• Your objective
Below are records; reproduce exactly the lines from the one that has "piV V \<noteq>" through the one that has "unfolding lossL_eq_nn_integral_state_loss f_def by", ends included, and nothing more.

==========

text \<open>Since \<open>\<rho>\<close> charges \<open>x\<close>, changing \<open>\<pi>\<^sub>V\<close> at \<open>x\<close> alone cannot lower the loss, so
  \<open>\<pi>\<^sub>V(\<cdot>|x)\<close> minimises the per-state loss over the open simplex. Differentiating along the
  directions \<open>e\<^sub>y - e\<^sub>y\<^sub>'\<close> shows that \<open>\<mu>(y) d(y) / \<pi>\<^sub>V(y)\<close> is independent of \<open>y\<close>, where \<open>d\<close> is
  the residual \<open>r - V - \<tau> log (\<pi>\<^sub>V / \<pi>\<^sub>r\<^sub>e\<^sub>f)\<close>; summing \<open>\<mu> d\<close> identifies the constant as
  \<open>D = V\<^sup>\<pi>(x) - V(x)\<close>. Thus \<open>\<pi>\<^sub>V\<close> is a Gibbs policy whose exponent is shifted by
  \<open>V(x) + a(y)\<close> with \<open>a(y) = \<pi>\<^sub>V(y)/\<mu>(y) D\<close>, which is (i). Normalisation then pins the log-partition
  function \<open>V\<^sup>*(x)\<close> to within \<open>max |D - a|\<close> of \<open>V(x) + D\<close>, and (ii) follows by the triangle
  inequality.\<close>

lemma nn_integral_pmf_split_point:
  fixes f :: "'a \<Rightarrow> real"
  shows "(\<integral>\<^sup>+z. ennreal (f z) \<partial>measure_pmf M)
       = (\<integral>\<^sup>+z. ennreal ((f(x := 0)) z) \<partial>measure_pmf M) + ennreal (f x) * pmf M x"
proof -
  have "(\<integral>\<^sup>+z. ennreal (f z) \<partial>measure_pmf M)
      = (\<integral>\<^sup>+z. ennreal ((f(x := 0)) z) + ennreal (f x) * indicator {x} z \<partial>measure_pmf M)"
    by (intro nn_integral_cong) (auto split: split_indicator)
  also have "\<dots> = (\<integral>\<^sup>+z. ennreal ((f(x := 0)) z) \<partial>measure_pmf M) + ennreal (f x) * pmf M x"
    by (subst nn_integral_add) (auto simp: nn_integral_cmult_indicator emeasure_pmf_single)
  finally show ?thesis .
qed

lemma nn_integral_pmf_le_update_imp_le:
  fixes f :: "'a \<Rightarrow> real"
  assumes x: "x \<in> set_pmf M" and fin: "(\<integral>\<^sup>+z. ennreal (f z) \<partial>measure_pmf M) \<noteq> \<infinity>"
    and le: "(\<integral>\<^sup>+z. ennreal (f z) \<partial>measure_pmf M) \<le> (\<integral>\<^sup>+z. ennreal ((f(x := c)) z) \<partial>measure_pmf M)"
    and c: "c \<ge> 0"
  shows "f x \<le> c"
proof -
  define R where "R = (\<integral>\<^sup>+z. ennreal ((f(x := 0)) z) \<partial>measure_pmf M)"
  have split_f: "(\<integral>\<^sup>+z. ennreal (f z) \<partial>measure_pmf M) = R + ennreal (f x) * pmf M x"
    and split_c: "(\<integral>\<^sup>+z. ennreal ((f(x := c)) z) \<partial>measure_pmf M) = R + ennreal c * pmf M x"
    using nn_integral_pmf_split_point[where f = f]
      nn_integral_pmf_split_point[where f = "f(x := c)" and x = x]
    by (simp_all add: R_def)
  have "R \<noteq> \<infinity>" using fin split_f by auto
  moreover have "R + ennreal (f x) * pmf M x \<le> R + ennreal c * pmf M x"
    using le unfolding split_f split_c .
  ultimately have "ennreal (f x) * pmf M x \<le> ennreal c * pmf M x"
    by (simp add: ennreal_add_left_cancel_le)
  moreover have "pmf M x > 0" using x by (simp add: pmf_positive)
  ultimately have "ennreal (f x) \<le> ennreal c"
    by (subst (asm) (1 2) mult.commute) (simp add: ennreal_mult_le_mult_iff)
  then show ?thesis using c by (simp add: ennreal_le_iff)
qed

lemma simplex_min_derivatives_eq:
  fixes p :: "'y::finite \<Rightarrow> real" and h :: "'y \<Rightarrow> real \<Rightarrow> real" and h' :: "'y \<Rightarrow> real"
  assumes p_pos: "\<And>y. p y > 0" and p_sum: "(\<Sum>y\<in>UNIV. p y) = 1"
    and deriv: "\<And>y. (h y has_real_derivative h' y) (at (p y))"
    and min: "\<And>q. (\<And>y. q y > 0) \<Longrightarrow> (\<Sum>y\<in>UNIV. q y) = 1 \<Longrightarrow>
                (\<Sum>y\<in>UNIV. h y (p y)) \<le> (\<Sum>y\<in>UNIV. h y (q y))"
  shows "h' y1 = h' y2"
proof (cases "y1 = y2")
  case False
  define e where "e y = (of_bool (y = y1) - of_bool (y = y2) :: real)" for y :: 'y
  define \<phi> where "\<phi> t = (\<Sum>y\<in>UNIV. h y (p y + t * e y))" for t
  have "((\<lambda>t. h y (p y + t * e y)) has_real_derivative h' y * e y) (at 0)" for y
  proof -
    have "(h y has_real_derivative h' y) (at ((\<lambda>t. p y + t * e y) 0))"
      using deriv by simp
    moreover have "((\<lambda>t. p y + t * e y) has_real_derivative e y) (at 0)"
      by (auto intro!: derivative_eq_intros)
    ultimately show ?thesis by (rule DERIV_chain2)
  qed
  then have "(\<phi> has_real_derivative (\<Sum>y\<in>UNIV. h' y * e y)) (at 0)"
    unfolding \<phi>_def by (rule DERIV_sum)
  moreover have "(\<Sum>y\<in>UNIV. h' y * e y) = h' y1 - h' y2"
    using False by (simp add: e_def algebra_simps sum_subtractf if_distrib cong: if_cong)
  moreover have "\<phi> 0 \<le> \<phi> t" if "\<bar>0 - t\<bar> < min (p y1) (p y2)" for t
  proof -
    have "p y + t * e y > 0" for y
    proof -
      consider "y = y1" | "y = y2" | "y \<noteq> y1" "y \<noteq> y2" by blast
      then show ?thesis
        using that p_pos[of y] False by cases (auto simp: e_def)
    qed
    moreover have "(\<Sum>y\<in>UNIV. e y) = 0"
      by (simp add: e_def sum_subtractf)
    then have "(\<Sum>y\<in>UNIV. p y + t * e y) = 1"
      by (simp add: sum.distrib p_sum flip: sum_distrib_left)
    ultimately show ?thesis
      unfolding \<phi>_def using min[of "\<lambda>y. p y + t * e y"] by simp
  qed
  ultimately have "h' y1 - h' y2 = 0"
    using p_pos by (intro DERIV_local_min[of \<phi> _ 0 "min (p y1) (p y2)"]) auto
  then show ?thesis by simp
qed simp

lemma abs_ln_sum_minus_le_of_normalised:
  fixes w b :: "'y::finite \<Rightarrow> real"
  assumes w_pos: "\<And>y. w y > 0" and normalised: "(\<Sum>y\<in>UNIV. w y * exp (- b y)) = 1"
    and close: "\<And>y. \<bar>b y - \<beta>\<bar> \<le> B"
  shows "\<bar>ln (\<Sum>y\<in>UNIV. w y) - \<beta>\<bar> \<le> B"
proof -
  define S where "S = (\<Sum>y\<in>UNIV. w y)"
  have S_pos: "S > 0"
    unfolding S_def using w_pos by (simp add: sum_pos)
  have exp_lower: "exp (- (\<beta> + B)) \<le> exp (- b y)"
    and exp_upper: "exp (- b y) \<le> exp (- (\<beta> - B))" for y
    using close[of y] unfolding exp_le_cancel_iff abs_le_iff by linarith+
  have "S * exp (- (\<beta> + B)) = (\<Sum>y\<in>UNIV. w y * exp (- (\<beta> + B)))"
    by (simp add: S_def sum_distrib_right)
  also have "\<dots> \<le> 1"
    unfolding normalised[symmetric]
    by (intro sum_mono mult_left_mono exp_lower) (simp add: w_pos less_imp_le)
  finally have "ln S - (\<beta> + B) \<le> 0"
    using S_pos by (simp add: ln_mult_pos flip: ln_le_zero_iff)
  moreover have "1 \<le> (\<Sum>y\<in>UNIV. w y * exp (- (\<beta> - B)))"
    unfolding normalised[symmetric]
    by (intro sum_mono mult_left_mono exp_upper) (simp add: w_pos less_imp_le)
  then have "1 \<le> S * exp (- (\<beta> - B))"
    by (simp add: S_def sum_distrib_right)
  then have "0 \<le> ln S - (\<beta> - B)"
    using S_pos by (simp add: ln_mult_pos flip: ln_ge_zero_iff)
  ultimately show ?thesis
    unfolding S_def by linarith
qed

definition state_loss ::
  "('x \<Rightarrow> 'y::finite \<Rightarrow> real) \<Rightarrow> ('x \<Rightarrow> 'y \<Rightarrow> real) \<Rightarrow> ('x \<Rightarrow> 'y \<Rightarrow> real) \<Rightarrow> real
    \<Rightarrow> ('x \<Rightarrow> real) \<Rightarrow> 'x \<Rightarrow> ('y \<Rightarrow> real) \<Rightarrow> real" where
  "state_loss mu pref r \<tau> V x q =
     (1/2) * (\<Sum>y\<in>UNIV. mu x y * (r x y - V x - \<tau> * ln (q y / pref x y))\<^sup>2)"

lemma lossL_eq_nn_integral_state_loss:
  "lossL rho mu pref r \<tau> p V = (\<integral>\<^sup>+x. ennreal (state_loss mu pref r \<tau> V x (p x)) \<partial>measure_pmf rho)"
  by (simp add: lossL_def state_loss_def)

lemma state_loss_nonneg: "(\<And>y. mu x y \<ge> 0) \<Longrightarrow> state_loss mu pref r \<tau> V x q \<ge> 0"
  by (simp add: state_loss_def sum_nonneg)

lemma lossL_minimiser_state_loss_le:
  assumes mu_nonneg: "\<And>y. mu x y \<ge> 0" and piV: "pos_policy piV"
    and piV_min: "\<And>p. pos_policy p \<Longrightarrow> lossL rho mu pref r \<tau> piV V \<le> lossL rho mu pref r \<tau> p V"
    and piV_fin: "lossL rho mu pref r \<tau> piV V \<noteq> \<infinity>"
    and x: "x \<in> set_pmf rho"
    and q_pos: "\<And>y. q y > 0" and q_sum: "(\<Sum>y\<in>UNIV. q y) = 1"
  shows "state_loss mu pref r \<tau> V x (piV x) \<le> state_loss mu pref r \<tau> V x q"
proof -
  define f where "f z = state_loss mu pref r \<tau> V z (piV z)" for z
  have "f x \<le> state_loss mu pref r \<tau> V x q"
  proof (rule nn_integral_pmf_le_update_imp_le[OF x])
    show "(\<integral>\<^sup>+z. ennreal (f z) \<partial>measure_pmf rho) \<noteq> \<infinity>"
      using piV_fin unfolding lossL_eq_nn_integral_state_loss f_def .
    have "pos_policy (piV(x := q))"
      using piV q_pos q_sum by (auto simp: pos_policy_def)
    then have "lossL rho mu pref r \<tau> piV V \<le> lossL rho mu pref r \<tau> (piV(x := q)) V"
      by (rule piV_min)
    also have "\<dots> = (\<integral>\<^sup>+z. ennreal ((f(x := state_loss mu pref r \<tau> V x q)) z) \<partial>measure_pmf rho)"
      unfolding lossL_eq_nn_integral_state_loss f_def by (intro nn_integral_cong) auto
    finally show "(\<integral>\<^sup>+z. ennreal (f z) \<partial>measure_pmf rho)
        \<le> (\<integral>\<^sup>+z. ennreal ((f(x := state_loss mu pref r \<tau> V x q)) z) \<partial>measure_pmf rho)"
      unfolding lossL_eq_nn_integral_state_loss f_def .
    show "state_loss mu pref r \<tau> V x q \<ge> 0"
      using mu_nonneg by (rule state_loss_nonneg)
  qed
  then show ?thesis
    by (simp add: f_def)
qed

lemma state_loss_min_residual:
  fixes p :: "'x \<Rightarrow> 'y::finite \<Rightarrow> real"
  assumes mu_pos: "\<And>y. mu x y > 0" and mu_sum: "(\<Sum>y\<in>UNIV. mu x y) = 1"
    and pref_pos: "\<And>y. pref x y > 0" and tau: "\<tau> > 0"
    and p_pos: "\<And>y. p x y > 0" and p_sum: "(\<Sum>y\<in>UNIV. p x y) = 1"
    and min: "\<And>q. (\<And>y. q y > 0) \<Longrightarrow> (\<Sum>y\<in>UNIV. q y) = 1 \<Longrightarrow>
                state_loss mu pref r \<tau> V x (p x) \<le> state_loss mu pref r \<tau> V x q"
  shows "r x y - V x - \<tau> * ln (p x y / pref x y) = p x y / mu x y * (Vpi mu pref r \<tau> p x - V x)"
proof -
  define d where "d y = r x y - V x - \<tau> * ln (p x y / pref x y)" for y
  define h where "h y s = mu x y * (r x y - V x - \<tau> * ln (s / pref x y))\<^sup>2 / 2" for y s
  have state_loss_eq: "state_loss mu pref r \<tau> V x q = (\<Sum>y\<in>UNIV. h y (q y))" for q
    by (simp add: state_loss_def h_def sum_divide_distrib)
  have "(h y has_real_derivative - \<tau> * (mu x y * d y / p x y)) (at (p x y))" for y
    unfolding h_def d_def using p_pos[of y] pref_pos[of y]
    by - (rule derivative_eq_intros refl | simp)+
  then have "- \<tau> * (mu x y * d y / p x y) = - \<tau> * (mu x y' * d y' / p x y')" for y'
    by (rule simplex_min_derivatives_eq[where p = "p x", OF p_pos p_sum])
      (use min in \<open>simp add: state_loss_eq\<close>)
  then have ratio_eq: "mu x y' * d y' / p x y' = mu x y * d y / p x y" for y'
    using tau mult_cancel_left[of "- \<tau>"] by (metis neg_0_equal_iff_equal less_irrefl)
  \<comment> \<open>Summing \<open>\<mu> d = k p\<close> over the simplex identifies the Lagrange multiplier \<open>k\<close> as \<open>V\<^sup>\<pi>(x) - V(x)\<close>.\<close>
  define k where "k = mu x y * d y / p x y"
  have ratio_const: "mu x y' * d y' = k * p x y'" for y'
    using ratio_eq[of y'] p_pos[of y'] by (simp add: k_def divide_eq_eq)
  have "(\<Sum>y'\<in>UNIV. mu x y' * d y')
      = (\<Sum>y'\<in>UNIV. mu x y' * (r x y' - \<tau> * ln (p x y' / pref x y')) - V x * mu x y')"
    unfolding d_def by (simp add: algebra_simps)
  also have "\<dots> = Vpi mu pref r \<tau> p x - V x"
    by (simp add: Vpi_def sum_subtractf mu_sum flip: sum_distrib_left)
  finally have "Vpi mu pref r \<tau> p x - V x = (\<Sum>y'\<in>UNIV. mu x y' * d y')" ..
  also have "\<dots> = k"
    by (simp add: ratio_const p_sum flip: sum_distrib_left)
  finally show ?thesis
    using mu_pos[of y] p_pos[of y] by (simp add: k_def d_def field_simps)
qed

==========

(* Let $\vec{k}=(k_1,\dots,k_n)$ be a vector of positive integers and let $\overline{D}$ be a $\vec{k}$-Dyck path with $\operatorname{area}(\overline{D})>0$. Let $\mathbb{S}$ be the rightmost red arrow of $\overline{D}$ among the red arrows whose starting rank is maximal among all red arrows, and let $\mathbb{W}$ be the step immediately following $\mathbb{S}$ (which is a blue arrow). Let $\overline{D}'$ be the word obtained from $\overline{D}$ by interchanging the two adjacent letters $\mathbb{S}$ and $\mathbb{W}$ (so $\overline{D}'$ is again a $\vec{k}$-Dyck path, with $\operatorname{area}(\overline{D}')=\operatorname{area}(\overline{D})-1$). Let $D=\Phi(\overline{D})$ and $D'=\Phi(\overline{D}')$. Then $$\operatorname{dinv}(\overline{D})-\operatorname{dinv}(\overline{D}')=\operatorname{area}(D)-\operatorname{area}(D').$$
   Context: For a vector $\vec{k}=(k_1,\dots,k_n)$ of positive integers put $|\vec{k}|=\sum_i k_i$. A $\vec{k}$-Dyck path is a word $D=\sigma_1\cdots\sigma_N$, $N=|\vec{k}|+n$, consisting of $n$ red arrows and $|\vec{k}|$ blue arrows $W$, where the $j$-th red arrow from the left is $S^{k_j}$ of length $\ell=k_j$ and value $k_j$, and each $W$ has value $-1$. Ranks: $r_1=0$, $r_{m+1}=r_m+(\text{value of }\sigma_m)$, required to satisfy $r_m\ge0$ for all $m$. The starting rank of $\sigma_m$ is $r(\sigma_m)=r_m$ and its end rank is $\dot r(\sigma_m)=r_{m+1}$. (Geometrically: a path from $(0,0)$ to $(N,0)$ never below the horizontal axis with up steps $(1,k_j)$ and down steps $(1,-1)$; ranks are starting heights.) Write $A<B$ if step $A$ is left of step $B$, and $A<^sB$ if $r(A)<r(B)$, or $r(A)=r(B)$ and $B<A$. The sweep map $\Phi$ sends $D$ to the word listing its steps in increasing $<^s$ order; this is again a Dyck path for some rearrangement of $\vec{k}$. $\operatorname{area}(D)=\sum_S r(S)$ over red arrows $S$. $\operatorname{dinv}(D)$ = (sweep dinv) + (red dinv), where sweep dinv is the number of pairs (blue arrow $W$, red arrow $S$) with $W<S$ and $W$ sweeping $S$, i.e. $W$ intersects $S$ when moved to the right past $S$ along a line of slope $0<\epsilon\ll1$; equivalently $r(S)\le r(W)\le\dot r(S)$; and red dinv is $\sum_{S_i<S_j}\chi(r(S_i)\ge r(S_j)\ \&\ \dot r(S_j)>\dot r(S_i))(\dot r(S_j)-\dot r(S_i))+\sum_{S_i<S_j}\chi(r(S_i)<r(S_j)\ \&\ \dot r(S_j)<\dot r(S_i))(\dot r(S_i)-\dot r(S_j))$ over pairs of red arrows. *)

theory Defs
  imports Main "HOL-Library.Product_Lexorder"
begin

==========

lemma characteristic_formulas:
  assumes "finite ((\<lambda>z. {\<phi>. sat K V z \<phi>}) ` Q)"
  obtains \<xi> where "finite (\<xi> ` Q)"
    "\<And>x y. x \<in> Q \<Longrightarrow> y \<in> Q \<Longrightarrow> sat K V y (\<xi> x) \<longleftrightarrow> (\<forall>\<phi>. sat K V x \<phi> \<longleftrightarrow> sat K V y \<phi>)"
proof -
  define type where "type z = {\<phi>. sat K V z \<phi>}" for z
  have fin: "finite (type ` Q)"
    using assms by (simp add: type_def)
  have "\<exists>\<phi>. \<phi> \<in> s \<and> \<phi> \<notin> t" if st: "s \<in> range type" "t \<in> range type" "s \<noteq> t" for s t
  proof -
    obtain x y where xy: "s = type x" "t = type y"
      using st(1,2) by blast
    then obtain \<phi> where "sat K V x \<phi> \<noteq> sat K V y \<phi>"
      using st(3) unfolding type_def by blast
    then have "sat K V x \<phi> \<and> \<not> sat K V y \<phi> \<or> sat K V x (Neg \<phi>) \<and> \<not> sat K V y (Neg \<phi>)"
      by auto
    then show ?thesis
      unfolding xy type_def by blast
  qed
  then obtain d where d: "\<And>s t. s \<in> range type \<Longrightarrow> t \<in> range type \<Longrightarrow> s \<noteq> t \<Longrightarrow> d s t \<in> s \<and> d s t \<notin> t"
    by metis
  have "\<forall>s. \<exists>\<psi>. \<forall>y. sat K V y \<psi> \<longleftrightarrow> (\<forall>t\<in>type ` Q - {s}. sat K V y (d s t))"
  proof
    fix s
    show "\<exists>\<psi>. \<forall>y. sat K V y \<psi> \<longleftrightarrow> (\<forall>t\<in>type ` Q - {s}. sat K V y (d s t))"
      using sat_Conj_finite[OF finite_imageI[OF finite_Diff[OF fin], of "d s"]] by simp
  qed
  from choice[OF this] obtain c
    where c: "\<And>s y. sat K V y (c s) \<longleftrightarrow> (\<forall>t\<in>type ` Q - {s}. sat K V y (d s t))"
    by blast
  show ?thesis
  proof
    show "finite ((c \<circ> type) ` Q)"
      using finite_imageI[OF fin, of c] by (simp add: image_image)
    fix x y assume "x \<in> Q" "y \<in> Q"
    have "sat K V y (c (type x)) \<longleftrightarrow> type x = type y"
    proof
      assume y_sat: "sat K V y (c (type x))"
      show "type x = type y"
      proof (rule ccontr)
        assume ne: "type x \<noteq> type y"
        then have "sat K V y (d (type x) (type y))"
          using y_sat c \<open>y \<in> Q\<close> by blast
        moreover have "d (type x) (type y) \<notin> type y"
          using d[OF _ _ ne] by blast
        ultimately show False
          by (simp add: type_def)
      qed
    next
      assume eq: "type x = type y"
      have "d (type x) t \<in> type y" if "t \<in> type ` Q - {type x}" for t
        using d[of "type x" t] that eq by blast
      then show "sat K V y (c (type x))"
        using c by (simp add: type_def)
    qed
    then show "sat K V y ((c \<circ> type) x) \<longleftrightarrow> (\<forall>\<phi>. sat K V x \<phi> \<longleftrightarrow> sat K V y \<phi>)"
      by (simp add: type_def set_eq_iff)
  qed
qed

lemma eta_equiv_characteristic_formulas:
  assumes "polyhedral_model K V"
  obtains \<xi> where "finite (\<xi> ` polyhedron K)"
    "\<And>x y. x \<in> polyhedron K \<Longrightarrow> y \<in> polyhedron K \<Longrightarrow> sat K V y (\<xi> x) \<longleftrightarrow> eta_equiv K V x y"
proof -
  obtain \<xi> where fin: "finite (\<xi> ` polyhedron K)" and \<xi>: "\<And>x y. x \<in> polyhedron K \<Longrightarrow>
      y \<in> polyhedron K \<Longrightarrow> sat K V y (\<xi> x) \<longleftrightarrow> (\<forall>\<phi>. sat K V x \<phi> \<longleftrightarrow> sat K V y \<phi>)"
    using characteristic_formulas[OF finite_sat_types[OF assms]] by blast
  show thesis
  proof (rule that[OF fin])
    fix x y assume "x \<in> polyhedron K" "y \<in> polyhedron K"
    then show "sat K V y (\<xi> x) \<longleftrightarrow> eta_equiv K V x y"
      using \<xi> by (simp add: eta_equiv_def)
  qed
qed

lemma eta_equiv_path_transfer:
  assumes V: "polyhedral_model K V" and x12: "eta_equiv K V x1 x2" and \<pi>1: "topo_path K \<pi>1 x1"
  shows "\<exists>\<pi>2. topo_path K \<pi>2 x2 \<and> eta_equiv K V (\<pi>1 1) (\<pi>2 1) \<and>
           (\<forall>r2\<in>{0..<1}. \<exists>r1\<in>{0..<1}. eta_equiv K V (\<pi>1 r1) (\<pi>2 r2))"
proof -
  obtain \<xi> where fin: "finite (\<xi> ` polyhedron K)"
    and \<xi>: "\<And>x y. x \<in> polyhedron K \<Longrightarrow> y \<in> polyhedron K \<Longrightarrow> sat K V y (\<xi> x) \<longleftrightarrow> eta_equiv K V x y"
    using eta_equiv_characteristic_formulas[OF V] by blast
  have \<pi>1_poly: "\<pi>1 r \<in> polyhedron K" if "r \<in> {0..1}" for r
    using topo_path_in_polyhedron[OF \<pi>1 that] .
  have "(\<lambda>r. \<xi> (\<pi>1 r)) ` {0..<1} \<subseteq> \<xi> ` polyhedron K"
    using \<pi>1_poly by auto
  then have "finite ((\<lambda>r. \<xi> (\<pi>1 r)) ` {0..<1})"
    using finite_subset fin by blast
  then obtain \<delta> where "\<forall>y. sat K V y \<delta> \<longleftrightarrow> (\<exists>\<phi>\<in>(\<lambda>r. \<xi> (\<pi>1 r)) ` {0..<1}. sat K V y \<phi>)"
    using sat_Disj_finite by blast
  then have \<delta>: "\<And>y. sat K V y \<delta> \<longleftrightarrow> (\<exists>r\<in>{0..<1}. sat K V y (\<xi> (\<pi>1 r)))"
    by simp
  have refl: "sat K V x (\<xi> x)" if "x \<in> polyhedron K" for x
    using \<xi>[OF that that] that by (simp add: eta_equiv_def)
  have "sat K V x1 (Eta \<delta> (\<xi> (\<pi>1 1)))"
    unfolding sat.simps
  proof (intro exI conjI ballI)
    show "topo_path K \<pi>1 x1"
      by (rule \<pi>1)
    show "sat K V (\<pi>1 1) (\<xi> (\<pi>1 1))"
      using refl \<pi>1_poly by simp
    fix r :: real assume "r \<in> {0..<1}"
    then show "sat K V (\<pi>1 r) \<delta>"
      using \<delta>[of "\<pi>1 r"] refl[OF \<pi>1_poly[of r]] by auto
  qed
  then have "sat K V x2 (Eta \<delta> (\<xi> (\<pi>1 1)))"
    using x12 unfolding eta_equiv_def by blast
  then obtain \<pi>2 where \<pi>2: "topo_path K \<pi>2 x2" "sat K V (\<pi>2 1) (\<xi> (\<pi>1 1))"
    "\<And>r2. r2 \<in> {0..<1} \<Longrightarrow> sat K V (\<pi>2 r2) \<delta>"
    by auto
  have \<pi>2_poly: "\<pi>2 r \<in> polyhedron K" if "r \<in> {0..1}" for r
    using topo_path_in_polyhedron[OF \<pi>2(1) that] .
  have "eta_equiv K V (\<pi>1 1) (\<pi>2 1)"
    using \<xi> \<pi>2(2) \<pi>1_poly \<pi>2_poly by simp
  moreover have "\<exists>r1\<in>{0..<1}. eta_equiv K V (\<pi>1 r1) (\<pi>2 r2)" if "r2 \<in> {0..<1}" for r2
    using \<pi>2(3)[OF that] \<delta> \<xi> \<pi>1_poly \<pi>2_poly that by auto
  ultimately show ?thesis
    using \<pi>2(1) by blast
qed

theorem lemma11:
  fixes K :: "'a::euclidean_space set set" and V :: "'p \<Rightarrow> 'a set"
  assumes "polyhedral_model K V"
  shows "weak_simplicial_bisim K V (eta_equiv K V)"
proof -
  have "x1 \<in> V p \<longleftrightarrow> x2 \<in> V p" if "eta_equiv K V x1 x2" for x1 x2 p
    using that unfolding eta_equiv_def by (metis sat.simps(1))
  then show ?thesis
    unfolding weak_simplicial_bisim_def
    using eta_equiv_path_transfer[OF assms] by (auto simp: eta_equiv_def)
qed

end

==========

• Output for this exercise
    and piV_fin: "lossL rho mu pref r \<tau> piV V \<noteq> \<infinity>"
    and x: "x \<in> set_pmf rho"
    and q_pos: "\<And>y. q y > 0" and q_sum: "(\<Sum>y\<in>UNIV. q y) = 1"
  shows "state_loss mu pref r \<tau> V x (piV x) \<le> state_loss mu pref r \<tau> V x q"
proof -
  define f where "f z = state_loss mu pref r \<tau> V z (piV z)" for z
  have "f x \<le> state_loss mu pref r \<tau> V x q"
  proof (rule nn_integral_pmf_le_update_imp_le[OF x])
    show "(\<integral>\<^sup>+z. ennreal (f z) \<partial>measure_pmf rho) \<noteq> \<infinity>"
      using piV_fin unfolding lossL_eq_nn_integral_state_loss f_def .
    have "pos_policy (piV(x := q))"
      using piV q_pos q_sum by (auto simp: pos_policy_def)
    then have "lossL rho mu pref r \<tau> piV V \<le> lossL rho mu pref r \<tau> (piV(x := q)) V"
      by (rule piV_min)
    also have "\<dots> = (\<integral>\<^sup>+z. ennreal ((f(x := state_loss mu pref r \<tau> V x q)) z) \<partial>measure_pmf rho)"
      unfolding lossL_eq_nn_integral_state_loss f_def by (intro nn_integral_cong) auto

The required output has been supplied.